### TASK ITEM
In the material below, find each line holding the string "such" and copy it.

### INPUT DATA
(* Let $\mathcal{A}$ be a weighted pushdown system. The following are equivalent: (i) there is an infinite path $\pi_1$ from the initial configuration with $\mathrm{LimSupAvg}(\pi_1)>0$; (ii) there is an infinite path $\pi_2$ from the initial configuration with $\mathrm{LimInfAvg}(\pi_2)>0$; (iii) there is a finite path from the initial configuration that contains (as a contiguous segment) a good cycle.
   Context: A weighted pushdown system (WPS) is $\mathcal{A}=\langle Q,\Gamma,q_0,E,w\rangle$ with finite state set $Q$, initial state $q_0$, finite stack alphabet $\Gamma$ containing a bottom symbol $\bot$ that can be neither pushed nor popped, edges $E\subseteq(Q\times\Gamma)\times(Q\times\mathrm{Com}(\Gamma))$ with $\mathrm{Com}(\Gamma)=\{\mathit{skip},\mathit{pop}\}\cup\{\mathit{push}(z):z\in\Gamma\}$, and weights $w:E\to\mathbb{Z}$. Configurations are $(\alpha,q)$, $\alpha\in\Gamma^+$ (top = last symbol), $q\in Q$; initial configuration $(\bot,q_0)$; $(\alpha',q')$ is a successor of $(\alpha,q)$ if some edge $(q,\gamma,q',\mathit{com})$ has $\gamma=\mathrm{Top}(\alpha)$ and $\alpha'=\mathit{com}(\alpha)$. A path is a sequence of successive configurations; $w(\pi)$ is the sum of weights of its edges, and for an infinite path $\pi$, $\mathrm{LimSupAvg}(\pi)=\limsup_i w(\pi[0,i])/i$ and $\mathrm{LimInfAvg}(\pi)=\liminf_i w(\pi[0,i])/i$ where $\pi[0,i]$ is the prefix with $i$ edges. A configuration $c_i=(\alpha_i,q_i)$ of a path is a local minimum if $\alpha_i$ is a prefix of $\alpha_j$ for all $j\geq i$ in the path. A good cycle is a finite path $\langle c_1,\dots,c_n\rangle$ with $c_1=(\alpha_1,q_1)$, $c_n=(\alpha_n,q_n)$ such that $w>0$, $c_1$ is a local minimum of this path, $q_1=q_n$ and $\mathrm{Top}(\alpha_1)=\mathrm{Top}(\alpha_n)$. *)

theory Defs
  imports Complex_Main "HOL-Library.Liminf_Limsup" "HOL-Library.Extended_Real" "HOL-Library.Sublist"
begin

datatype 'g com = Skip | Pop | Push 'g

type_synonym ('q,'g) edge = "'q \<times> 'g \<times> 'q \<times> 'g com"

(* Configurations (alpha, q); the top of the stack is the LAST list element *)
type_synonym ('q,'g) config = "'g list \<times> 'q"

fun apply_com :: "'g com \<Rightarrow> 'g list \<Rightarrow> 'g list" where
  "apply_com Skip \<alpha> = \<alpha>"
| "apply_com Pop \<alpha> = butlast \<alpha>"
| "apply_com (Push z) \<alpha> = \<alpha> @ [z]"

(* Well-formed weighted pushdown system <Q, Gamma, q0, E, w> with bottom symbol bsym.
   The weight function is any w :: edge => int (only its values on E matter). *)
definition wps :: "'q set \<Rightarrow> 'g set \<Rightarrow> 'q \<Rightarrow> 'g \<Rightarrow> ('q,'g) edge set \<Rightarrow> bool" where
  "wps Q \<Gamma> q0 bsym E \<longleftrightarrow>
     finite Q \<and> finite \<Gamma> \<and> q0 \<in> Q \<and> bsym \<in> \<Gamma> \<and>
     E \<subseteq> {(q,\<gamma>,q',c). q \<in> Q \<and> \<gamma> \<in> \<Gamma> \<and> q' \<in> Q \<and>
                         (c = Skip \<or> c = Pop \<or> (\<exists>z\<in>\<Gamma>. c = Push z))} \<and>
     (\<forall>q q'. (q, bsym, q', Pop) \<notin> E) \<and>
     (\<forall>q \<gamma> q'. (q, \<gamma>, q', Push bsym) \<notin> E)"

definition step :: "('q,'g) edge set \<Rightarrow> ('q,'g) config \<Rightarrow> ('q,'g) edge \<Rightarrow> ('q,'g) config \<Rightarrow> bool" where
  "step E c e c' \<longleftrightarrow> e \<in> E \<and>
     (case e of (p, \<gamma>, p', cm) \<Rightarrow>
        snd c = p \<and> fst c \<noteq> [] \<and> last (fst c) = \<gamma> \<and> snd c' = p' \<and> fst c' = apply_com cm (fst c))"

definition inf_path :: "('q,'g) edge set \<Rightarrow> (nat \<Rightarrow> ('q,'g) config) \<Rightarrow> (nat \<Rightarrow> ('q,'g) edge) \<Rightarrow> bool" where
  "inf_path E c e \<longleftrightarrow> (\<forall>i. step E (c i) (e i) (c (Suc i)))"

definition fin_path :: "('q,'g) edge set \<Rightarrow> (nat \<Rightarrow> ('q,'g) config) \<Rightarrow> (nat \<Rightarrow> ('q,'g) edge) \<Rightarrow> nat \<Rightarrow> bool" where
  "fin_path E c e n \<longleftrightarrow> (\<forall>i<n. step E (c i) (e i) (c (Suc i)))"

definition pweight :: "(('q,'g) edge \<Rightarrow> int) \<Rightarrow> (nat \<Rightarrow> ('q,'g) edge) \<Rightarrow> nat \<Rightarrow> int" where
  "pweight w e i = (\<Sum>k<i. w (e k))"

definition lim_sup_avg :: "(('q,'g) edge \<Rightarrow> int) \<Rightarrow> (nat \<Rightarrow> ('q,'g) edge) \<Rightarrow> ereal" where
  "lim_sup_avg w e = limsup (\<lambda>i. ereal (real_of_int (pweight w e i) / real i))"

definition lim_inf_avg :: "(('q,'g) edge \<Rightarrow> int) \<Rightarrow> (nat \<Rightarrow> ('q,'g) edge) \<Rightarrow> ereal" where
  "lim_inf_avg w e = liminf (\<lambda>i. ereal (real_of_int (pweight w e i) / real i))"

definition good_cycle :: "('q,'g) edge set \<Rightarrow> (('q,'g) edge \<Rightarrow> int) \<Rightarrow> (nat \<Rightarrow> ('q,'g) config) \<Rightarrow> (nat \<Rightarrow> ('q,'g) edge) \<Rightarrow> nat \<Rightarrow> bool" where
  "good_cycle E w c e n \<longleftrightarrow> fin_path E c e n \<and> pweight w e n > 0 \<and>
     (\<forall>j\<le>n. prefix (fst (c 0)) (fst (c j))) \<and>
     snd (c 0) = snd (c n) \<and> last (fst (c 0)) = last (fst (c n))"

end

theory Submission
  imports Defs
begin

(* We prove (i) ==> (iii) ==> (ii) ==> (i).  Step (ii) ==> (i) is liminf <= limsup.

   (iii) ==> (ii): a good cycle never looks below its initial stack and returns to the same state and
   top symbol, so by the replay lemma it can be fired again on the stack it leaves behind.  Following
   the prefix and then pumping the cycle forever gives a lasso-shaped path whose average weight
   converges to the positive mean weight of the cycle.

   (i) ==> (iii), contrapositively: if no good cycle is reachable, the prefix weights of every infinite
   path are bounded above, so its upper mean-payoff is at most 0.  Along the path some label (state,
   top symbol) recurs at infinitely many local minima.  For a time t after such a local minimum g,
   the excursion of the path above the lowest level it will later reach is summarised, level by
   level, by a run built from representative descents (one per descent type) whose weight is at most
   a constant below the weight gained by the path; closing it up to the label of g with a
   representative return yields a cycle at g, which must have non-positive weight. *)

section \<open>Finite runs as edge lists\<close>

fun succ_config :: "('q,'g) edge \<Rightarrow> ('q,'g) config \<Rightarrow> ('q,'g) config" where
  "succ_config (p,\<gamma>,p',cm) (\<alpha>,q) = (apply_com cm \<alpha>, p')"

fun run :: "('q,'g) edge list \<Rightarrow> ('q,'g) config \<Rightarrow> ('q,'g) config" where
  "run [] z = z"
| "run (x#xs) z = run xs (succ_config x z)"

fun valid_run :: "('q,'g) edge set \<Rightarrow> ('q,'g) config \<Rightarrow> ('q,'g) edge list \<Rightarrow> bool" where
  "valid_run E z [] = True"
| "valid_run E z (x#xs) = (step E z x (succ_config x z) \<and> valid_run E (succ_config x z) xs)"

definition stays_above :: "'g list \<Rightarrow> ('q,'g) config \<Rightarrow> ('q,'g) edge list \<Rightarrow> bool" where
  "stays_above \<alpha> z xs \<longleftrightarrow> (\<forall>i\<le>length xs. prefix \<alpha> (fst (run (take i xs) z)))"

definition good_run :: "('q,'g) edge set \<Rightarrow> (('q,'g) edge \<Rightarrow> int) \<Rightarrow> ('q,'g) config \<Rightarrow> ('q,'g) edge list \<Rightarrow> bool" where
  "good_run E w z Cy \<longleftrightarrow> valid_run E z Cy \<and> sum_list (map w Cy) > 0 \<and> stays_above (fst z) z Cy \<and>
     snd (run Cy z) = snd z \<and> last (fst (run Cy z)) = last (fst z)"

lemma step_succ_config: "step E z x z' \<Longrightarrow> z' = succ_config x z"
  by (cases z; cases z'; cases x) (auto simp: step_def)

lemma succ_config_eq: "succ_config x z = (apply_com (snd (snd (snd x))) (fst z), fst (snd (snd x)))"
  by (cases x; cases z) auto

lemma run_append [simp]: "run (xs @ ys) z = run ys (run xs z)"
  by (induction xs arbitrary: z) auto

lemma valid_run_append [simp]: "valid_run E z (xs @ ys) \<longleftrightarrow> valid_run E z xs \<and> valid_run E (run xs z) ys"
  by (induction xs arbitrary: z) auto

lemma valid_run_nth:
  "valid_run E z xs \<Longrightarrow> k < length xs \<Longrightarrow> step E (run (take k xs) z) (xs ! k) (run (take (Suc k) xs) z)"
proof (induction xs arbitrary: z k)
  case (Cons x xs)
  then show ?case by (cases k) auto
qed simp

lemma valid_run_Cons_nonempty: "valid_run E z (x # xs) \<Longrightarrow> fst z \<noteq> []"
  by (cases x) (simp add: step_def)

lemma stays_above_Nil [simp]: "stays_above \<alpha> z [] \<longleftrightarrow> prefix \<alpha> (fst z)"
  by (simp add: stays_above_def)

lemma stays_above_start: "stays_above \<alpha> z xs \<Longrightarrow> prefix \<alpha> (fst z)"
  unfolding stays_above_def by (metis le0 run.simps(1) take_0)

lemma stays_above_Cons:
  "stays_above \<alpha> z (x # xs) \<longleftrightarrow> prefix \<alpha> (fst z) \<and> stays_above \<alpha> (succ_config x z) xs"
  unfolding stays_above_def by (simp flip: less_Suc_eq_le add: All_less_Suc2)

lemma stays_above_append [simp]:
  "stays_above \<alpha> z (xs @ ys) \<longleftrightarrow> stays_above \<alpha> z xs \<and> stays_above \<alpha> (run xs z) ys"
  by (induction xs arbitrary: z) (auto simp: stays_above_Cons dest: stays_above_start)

### EXERCISE ANSWER
   Context: A weighted pushdown system (WPS) is $\mathcal{A}=\langle Q,\Gamma,q_0,E,w\rangle$ with finite state set $Q$, initial state $q_0$, finite stack alphabet $\Gamma$ containing a bottom symbol $\bot$ that can be neither pushed nor popped, edges $E\subseteq(Q\times\Gamma)\times(Q\times\mathrm{Com}(\Gamma))$ with $\mathrm{Com}(\Gamma)=\{\mathit{skip},\mathit{pop}\}\cup\{\mathit{push}(z):z\in\Gamma\}$, and weights $w:E\to\mathbb{Z}$. Configurations are $(\alpha,q)$, $\alpha\in\Gamma^+$ (top = last symbol), $q\in Q$; initial configuration $(\bot,q_0)$; $(\alpha',q')$ is a successor of $(\alpha,q)$ if some edge $(q,\gamma,q',\mathit{com})$ has $\gamma=\mathrm{Top}(\alpha)$ and $\alpha'=\mathit{com}(\alpha)$. A path is a sequence of successive configurations; $w(\pi)$ is the sum of weights of its edges, and for an infinite path $\pi$, $\mathrm{LimSupAvg}(\pi)=\limsup_i w(\pi[0,i])/i$ and $\mathrm{LimInfAvg}(\pi)=\liminf_i w(\pi[0,i])/i$ where $\pi[0,i]$ is the prefix with $i$ edges. A configuration $c_i=(\alpha_i,q_i)$ of a path is a local minimum if $\alpha_i$ is a prefix of $\alpha_j$ for all $j\geq i$ in the path. A good cycle is a finite path $\langle c_1,\dots,c_n\rangle$ with $c_1=(\alpha_1,q_1)$, $c_n=(\alpha_n,q_n)$ such that $w>0$, $c_1$ is a local minimum of this path, $q_1=q_n$ and $\mathrm{Top}(\alpha_1)=\mathrm{Top}(\alpha_n)$. *)
   top symbol) recurs at infinitely many local minima.  For a time t after such a local minimum g,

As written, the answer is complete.